- AIM OF THE TASK
Of the entries below, restate word for word only the section that runs from the line with "id r = tmap2" to the line with "(f u)) \<eta>", counting both ends.

(Beginning of SUPPLIED MATERIAL)

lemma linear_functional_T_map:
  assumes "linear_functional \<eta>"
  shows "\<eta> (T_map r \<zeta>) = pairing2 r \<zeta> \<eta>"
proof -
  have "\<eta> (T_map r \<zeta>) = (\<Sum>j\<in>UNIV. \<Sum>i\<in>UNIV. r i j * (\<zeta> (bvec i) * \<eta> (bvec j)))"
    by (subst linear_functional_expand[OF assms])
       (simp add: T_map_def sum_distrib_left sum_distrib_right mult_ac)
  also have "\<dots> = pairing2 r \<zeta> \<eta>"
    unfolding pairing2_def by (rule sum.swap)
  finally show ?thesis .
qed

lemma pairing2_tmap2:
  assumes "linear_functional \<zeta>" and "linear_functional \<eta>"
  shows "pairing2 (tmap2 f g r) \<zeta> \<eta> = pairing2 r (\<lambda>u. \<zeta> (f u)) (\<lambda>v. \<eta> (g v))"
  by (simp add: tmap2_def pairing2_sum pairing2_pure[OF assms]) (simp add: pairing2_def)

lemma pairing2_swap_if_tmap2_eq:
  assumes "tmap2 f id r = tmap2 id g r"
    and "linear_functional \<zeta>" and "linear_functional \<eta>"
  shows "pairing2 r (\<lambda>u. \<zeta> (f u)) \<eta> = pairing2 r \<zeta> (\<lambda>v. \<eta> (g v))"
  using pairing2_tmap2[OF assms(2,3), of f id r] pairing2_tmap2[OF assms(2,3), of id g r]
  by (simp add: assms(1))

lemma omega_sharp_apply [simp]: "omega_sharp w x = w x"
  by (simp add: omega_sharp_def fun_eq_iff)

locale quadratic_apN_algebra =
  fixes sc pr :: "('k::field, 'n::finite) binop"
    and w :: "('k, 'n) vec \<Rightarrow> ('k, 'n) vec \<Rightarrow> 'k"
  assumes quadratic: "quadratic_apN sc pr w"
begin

(End of SUPPLIED MATERIAL)

- TASK RESPONSE
  assumes "tmap2 f id r = tmap2 id g r"
    and "linear_functional \<zeta>" and "linear_functional \<eta>"
  shows "pairing2 r (\<lambda>u. \<zeta> (f u)) \<eta> = pairing2 r \<zeta> (\<lambda>v. \<eta> (g v))"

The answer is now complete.